(Data records)
= Beginning of Section =
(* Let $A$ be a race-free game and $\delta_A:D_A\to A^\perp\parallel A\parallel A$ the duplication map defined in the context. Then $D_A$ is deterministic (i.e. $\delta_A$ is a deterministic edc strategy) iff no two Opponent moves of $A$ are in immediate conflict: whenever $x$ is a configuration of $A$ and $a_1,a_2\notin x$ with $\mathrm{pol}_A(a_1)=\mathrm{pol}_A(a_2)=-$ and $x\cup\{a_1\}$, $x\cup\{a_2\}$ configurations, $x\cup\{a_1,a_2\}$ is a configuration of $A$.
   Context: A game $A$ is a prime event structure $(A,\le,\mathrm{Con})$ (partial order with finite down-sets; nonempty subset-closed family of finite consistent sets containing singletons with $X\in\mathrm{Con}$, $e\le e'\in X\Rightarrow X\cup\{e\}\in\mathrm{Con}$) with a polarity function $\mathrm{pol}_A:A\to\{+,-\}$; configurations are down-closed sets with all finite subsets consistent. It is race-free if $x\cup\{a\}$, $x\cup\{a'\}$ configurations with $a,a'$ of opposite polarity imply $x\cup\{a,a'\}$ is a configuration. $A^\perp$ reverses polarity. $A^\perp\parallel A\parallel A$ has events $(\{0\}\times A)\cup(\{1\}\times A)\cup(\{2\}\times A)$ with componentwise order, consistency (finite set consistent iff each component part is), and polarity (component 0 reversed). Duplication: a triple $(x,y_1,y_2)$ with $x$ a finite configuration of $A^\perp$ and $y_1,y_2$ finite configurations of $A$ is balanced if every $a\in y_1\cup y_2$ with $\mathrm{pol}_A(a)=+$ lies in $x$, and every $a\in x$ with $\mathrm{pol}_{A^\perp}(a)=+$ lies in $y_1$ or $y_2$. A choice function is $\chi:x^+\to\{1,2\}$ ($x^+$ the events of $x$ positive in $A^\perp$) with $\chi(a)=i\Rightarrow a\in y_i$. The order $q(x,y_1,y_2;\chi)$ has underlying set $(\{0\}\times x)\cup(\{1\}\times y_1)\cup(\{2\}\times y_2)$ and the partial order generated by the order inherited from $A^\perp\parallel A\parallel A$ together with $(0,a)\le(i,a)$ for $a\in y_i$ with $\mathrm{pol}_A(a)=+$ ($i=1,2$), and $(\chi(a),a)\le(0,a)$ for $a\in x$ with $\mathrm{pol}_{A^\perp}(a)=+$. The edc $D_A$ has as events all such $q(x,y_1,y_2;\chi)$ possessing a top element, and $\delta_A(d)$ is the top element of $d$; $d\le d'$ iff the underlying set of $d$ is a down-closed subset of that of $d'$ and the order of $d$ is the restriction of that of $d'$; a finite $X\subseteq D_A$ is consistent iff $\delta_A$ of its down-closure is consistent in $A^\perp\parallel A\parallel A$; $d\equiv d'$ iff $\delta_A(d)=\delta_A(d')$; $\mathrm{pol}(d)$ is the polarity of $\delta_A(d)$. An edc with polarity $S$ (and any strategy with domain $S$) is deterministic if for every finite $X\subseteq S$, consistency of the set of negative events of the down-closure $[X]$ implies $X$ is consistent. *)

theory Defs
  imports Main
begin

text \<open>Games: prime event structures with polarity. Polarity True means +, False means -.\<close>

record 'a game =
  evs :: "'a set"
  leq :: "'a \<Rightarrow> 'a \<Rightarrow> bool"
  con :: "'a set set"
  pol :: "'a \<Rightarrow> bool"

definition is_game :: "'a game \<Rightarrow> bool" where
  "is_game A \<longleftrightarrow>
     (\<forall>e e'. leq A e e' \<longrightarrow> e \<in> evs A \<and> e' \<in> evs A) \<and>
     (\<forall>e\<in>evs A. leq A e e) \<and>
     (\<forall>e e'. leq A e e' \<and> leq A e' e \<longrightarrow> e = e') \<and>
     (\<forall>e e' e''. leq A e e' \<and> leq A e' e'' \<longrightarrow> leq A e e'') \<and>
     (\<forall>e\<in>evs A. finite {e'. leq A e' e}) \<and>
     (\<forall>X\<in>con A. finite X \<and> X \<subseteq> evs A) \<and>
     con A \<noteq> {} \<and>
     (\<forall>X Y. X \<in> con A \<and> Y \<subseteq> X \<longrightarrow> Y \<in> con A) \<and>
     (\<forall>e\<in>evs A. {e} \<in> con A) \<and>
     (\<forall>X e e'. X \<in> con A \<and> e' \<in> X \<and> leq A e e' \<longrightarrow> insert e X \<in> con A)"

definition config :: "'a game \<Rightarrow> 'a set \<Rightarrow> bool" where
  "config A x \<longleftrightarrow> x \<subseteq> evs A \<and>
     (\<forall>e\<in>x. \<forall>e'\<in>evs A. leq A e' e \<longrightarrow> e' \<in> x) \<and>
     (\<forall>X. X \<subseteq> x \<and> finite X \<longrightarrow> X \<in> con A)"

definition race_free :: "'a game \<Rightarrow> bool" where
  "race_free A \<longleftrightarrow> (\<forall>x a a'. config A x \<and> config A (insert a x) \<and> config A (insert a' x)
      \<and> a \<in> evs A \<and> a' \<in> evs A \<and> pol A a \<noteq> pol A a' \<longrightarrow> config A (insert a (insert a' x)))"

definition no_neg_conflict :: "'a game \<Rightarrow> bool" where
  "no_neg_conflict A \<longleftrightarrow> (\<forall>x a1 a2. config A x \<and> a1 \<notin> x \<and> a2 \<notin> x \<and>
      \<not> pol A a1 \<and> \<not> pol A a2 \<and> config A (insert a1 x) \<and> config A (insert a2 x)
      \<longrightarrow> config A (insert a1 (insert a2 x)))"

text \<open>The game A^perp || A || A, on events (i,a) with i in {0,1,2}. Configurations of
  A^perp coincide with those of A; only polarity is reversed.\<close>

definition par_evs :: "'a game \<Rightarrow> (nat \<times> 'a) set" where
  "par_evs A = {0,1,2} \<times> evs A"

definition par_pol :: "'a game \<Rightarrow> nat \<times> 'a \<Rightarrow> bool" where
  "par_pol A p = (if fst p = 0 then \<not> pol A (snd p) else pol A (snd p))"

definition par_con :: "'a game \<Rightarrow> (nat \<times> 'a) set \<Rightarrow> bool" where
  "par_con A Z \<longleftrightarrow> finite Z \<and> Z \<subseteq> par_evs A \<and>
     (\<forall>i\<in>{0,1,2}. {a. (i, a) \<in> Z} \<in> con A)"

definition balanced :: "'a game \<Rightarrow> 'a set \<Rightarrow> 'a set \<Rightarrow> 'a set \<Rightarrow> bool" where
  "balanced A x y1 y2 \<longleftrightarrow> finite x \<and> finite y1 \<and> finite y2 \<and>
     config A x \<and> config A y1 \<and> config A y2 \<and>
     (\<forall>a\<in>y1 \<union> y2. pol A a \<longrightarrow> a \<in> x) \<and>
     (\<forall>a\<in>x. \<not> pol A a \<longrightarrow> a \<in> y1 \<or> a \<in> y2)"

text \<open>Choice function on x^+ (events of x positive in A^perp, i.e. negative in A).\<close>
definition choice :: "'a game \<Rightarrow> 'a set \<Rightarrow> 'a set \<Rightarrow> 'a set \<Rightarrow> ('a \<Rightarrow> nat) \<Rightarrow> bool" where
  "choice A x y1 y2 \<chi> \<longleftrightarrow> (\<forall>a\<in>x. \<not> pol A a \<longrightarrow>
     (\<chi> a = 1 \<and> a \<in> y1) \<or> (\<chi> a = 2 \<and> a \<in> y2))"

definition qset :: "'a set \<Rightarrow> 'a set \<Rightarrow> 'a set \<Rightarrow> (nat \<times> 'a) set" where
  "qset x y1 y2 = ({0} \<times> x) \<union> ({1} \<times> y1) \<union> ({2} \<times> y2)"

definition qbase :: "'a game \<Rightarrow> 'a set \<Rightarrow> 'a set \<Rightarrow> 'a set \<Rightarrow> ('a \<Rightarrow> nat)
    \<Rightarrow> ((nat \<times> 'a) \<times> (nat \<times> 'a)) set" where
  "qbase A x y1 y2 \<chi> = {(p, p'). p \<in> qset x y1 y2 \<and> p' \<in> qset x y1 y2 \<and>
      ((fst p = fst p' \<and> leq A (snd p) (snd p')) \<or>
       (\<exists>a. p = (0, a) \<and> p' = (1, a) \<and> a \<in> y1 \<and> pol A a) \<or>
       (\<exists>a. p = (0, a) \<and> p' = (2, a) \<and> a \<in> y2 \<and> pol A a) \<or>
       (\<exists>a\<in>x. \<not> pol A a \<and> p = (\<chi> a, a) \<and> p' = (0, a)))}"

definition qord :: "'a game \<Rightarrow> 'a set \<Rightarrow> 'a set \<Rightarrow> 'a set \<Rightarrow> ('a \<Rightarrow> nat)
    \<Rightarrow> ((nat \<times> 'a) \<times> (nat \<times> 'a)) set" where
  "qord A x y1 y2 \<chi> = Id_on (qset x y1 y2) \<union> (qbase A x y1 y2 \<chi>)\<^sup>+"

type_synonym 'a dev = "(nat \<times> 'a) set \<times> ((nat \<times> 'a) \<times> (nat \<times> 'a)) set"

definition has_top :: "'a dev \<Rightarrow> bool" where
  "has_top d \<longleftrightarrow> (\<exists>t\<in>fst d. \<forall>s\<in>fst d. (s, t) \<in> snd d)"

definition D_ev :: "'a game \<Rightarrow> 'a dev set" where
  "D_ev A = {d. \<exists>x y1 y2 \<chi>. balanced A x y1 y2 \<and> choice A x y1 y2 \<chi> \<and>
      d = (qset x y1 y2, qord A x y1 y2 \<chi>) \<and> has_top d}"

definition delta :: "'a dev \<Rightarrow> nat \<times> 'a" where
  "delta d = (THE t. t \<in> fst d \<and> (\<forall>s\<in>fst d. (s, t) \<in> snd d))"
= End of Section =
Go over the data and return every line that includes the word "insert".

[Result of the exercise]
     (\<forall>X e e'. X \<in> con A \<and> e' \<in> X \<and> leq A e e' \<longrightarrow> insert e X \<in> con A)"
  "race_free A \<longleftrightarrow> (\<forall>x a a'. config A x \<and> config A (insert a x) \<and> config A (insert a' x)
      \<and> a \<in> evs A \<and> a' \<in> evs A \<and> pol A a \<noteq> pol A a' \<longrightarrow> config A (insert a (insert a' x)))"
      \<not> pol A a1 \<and> \<not> pol A a2 \<and> config A (insert a1 x) \<and> config A (insert a2 x)
      \<longrightarrow> config A (insert a1 (insert a2 x)))"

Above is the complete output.